As of Nov. 25, 97 per cent of full-time employees have submitted their vaccination status. Of those, 97 per cent indicated they are fully vaccinated.
For part-time employees, 84 per cent have confirmed their vaccination status, and 99 per cent say they are fully vaccinated.
The university said the majority of employees who have not yet provided their vaccination status have contracts that expire on or before the end of 2021.
The rest are either pursuing full vaccination or are not working on campus as a condition of their employment.
As for the full-time student population, 93 per cent have submitted their proof of vaccination, with 96 per cent of them indicating they are fully vaccinated.
The university has repeatedly declined requests to share the number of medical exemption requests that have been made and approved, citing privacy and confidentiality reasons.
Lachemi previously said it is “a small number.”
Lachemi said the university is aware of who is fully vaccinated or not based on a list of students attending in-person classes.
However, he wouldn’t say whether the university solely relies on the RyersonSafe app data to curate that list.
If it does, that could mean that not everyone the university thinks is vaccinated, actually is.
“I got that little green approved mark for literally uploading a meme. That does not convince me in the slightest.”Liam Ruddy, Ryerson student
Ryerson told On The Record it uses the RyersonSafe app to track the status of everyone’s COVID-19 vaccination record so it can follow up with those who are not in compliance.
Thompson, who uploaded the view from her home as “proof,” now counts herself among those feeling unsafe.
After participating in the experiment, she’s skeptical of whether the university’s COVID-19 policies are actually working.
“It definitely makes me question everyone else’s vaccination status … Literally anyone can say they’ve been vaccinated [even] if they haven’t with this system, which is a little nerve-racking because people could just be lying, going on campus without their vaccines,” she said. “The whole reason we have this system is to prevent that. So if the system is broken, or not doing its job, then what’s the point of even having it?”
Ruddy said he was “insulted and disappointed” when he saw the system accepted his false information.
It makes him feel like the university’s policies give its community members a false sense of hope ahead of January’s in-person return, he said.

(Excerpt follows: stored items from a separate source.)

lemma mat_adjoint_mult_vec_eq_0:
  assumes F: "(F :: complex mat) \<in> carrier_mat m r" and x: "x \<in> carrier_vec r"
    and z: "mat_adjoint F *\<^sub>v (F *\<^sub>v x) = 0\<^sub>v r"
  shows "F *\<^sub>v x = 0\<^sub>v m"
proof -
  define y where "y = F *\<^sub>v x"
  have y: "y \<in> carrier_vec m" unfolding y_def using F x by auto
  \<comment> \<open>\<open>\<parallel>F x\<parallel>\<^sup>2 = x\<^sup>* F\<^sup>* F x = 0\<close>\<close>
  have "(\<Sum>i<m. y$i * cnj (y$i)) = (\<Sum>i<m. \<Sum>l<r. y$i * cnj (F $$ (i,l)) * cnj (x $ l))"
    unfolding y_def using F x
    by (auto simp: scalar_prod_def cnj_sum sum_distrib_left ac_simps atLeast0LessThan intro!: sum.cong)
  also have "\<dots> = (\<Sum>l<r. \<Sum>i<m. y$i * cnj (F $$ (i,l)) * cnj (x $ l))" by (rule sum.swap)
  also have "\<dots> = (\<Sum>l<r. cnj (x $ l) * (mat_adjoint F *\<^sub>v y) $ l)"
    using F y by (auto simp: scalar_prod_def sum_distrib_left ac_simps atLeast0LessThan intro!: sum.cong)
  also have "\<dots> = 0" using z unfolding y_def by auto
  finally have "complex_of_real (\<Sum>i<m. (cmod (y$i))\<^sup>2) = 0"
    by (simp only: of_real_sum complex_norm_square)
  then have "(\<Sum>i<m. (cmod (y$i))\<^sup>2) = 0" by (simp only: of_real_eq_0_iff)
  then have "\<forall>i\<in>{..<m}. (cmod (y$i))\<^sup>2 = 0"
    by (subst sum_nonneg_eq_0_iff[symmetric]) auto
  then show ?thesis using y unfolding y_def[symmetric] by (intro eq_vecI) auto
qed
(* Let $F : \mathsf{Set} \to \mathsf{Set}$ be a finitary functor which preserves pullbacks of monomorphisms. Let $\rho$ be an uncountable regular ordinal. Then $F$ preserves $\rho^{\mathrm{op}}$-indexed limits: for every functor $X : \rho^{\mathrm{op}} \to \mathsf{Set}$ (i.e. a family of sets $(X_\alpha)_{\alpha<\rho}$ with restriction maps $X_\alpha \to X_\beta$ for $\beta \le \alpha$, compatible with composition), the canonical comparison map $F(\lim_{\alpha<\rho} X_\alpha) \to \lim_{\alpha<\rho} F(X_\alpha)$ is a bijection.
   Context: A functor $F:\mathsf{Set}\to\mathsf{Set}$ is finitary if it preserves directed colimits. $F$ preserves pullbacks of monomorphisms if for every pullback square $A \to B$, $A \to C$, $B \rightarrowtail D$, $C \to D$ in $\mathsf{Set}$ in which $B \to D$ is a monomorphism, the image of the square under $F$ is again a pullback square. An ordinal $\rho$ is regular if it is a limit ordinal equal to its own cofinality (every subset of $\rho$ of cardinality smaller than $\rho$ is bounded in $\rho$); here $\rho$ is moreover assumed uncountable. The ordinal $\rho$ is viewed as a poset category, and $\rho^{\mathrm{op}}$ is its opposite. *)

theory Defs
  imports Main "HOL-Library.FuncSet" "HOL-Library.Countable_Set"
begin

text \<open>A functor F from sets to sets: objects are subsets of the universe type 'a,
  morphisms A -> B are functions f with f in A -> B (only the values on A matter).\<close>

definition set_functor ::
  "('a set \<Rightarrow> 'b set) \<Rightarrow> ('a set \<Rightarrow> 'a set \<Rightarrow> ('a \<Rightarrow> 'a) \<Rightarrow> 'b \<Rightarrow> 'b) \<Rightarrow> bool" where
  "set_functor Fo Fm \<longleftrightarrow>
     (\<forall>A B f. f \<in> A \<rightarrow> B \<longrightarrow> Fm A B f \<in> Fo A \<rightarrow> Fo B) \<and>
     (\<forall>A B f g. f \<in> A \<rightarrow> B \<and> (\<forall>x\<in>A. f x = g x) \<longrightarrow> (\<forall>y\<in>Fo A. Fm A B f y = Fm A B g y)) \<and>
     (\<forall>A. \<forall>y\<in>Fo A. Fm A A id y = y) \<and>
     (\<forall>A B C f g. f \<in> A \<rightarrow> B \<and> g \<in> B \<rightarrow> C \<longrightarrow>
        (\<forall>y\<in>Fo A. Fm A C (g \<circ> f) y = Fm B C g (Fm A B f y)))"
lemma force_lipschitz:
  assumes "0 < r" and i: "i \<in> {1,2,3}"
    and "separated r q t" "separated r p t"
  shows "norm (force q i t - force p i t) \<le> 8/r^3 * (\<Sum>j\<in>{1,2,3}. norm (q j t - p j t))"
proof -
  define D where "D j = norm (q j t - p j t)" for j
  define A where "A = {1::nat,2,3} - {i}"
  have A: "finite A" "card A = 2" "i \<notin> A" "insert i A = {1,2,3}" using i by (auto simp: A_def)
  have "norm (force q i t - force p i t)
      \<le> (\<Sum>j\<in>A. norm (inverse_square_field (q j t - q i t) - inverse_square_field (p j t - p i t)))"
    unfolding force_def A_def[symmetric] sum_subtractf[symmetric] by (rule norm_sum)
  also have "\<dots> \<le> (\<Sum>j\<in>A. 4/r^3 * (D j + D i))"
  proof (rule sum_mono)
    fix j assume j: "j \<in> A"
    have "r \<le> norm (q j t - q i t)" "r \<le> norm (p j t - p i t)"
      using \<open>separated r q t\<close> \<open>separated r p t\<close> i j by (auto simp: A_def separated_def)
    from inverse_square_field_lipschitz[OF this \<open>0 < r\<close>]
    have "norm (inverse_square_field (q j t - q i t) - inverse_square_field (p j t - p i t))
        \<le> 4/r^3 * norm ((q j t - p j t) - (q i t - p i t))"
      by (simp add: algebra_simps)
    also have "\<dots> \<le> 4/r^3 * (D j + D i)"
      unfolding D_def using \<open>0 < r\<close> by (intro mult_left_mono norm_triangle_ineq4) auto
    finally show "norm (inverse_square_field (q j t - q i t) - inverse_square_field (p j t - p i t))
        \<le> 4/r^3 * (D j + D i)" .
  qed
  also have "\<dots> = 4/r^3 * ((\<Sum>j\<in>A. D j) + 2 * D i)"
    using A by (simp only: sum_distrib_left[symmetric] sum.distrib) simp
  also have "\<dots> \<le> 4/r^3 * (2 * (\<Sum>j\<in>{1,2,3}. D j))"
  proof -
    have "(\<Sum>j\<in>{1,2,3}. D j) = D i + (\<Sum>j\<in>A. D j)"
      using sum.insert[OF A(1,3), of D] A(4) by simp
    moreover have "0 \<le> (\<Sum>j\<in>A. D j)" by (simp add: D_def sum_nonneg)
    ultimately show ?thesis using \<open>0 < r\<close> by (intro mult_left_mono) auto
  qed
  finally show ?thesis by (simp add: D_def)
qed
lemma continuous_map_contraction:
  "continuous_map (prod_topology (top_of_set {0..1}) (realization C)) (realization C) contraction"
  unfolding continuous_map_def
proof (intro conjI allI impI Pi_I)
  fix x assume "x \<in> topspace (prod_topology (top_of_set {0..1::real}) (realization C))"
  then obtain s p where "x = (s, real_class C p)" "s \<in> {0..1}" "p \<in> real_pts C"
    by (auto simp: topspace_realization)
  then show "contraction x \<in> topspace (realization C)"
    using contraction_real_class cone_pt_real_pts by (auto simp: topspace_realization)
next
  fix U assume U: "openin (realization C) U"
  let ?H = "{x \<in> topspace (prod_topology (top_of_set {0..1}) (realization C)). contraction x \<in> U}"
  show "openin (prod_topology (top_of_set {0..1}) (realization C)) ?H"
    unfolding openin_prod_topology_alt
  proof (intro allI impI)
    fix s0 c0 assume "(s0, c0) \<in> ?H"
    then have s0: "s0 \<in> {0..1}" and c0: "c0 \<in> topspace (realization C)"
      and "contraction (s0, c0) \<in> U"
      by auto
    then obtain e where "e > 0" and e: "\<And>s. s \<in> {0..1} \<Longrightarrow> dist s s0 \<le> e \<Longrightarrow> contraction (s, c0) \<in> U"
      using contraction_continuous_in_time[OF U] by metis
    define K where "K = cball s0 e \<inter> {0..1}"
    define W where "W = {c \<in> topspace (realization C). \<forall>s\<in>K. contraction (s, c) \<in> U}"
    have "compact K" "K \<subseteq> {0..1}"
      by (auto simp: K_def compact_Int_closed)
    then have "openin (realization C) W"
      unfolding W_def using openin_contraction_compact[OF U] by blast
    moreover have "openin (top_of_set {0..1}) ({0..1} \<inter> ball s0 e)"
      by (intro openin_open_Int) simp
    moreover have "c0 \<in> W"
      using c0 e by (auto simp: W_def K_def dist_commute)
    moreover have "({0..1} \<inter> ball s0 e) \<times> W \<subseteq> ?H"
      by (auto simp: W_def K_def)
    ultimately show "\<exists>V W. openin (top_of_set {0..1}) V \<and> openin (realization C) W \<and> s0 \<in> V \<and> c0 \<in> W \<and>
        V \<times> W \<subseteq> ?H"
      using s0 \<open>e > 0\<close> by (intro exI) auto
  qed
qed
(* Let $\phi$ be a character (unital algebra homomorphism to $\mathbb K$) of the block-substitution bialgebra $\mathbf{B}$ of noncrossing partitions. Then $\phi$ is invertible in the monoid of characters of $\mathbf{B}$ under convolution if and only if $\phi(I_n)\neq0$ for all $n\geq1$, where $I_n=\{[n]\}$.
   Context: $\mathbb K$ is a field of characteristic zero. Noncrossing partitions of $[n]$: no $a<c<b<d$ with $a,b$ in one block and $c,d$ in another; partitions of finite linearly ordered sets are identified with partitions of $[m]$ via the order-preserving bijection; $P_{|X}$ is the induced partition on $X$. $\mathbf{B}$ is the free commutative unital algebra generated by nonempty noncrossing partitions. For noncrossing $P\leq Q$ of $[n]$ (each block of $Q$ a union of blocks of $P$), $Q=\{\tau_1,\dots,\tau_l\}$, put $P/Q=P_{|\tau_1}\cdots P_{|\tau_l}$. The coproduct is $\delta(P)=\sum_{Q\geq P\text{ noncrossing}}Q\otimes P/Q$, extended multiplicatively; counit $\varepsilon(P)=1$ if $P$ has one block and $0$ otherwise. The convolution of characters is $\phi*\psi=m_{\mathbb K}\circ(\phi\otimes\psi)\circ\delta$, with unit $\varepsilon$. *)

theory Defs
  imports Main "HOL-Library.Multiset"
begin

definition is_partition :: "nat \<Rightarrow> nat set set \<Rightarrow> bool" where
  "is_partition n P \<longleftrightarrow> (\<forall>B\<in>P. B \<noteq> {}) \<and>
     (\<forall>B\<in>P. \<forall>C\<in>P. B \<noteq> C \<longrightarrow> B \<inter> C = {}) \<and> \<Union>P = {1..n}"

definition noncrossing :: "nat set set \<Rightarrow> bool" where
  "noncrossing P \<longleftrightarrow> \<not> (\<exists>B\<in>P. \<exists>C\<in>P. B \<noteq> C \<and>
     (\<exists>a b c d. a \<in> B \<and> b \<in> B \<and> c \<in> C \<and> d \<in> C \<and> a < c \<and> c < b \<and> b < d))"

definition NC :: "nat \<Rightarrow> nat set set \<Rightarrow> bool" where
  "NC n P \<longleftrightarrow> is_partition n P \<and> noncrossing P"

text \<open>Generators of B: nonempty noncrossing partitions (of [n], n \<ge> 1).\<close>
definition nc_gen :: "nat set set \<Rightarrow> bool" where
  "nc_gen P \<longleftrightarrow> (\<exists>n\<ge>1. NC n P)"

text \<open>Monomials of the free commutative algebra B: finite multisets of generators
  (the empty multiset is the unit).\<close>
definition monomial :: "nat set set multiset \<Rightarrow> bool" where
  "monomial M \<longleftrightarrow> (\<forall>P\<in>#M. nc_gen P)"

It’s possible that the RyersonSafe app’s automatic greenlight in cases where a person falsely submits proof of vaccination is the result of a failure to thoroughly test parts of the app during product development, said Lakshmi Baskaran, vice-president of engineering for SEDNA Systems.
“When you build the software, you [must] ensure that the software is thoroughly tested, especially in a product or an app like this where the product or an app deals with a user’s personal identification information,” Baskaran said. “The software should be tested to ensure that there are no loopholes.”
She suggested the university subject the RyersonSafe app to more negative test cases to close the loopholes and make sure the app does not approve fake vaccine information and photos.
For example, Baskaran explained, a pending process could be put in place to give the university time to review each submission.
Then the school could ensure it is only approving vaccine certificates once they are verified.
“We as software developers have to ensure that the products we build are safe, secure and reliable,” she said, calling it an “ethical obligation.”
The university did not respond to a question about whether it would consider implementing a pending process that does not automatically greenlight people who submit proof of vaccination even if the “proof” isn’t real.
The easy fix, Karbaliotis said, is to use the province’s certificate.
That certificate also operates a QR code system. Businesses can use it, but they aren’t mandated to. Karbaliotis wonders if that might change.
“It’s tied to your name,” he said, so it will “prevent the editing of PDFs approach, which is allowing this kind of craziness to go on.”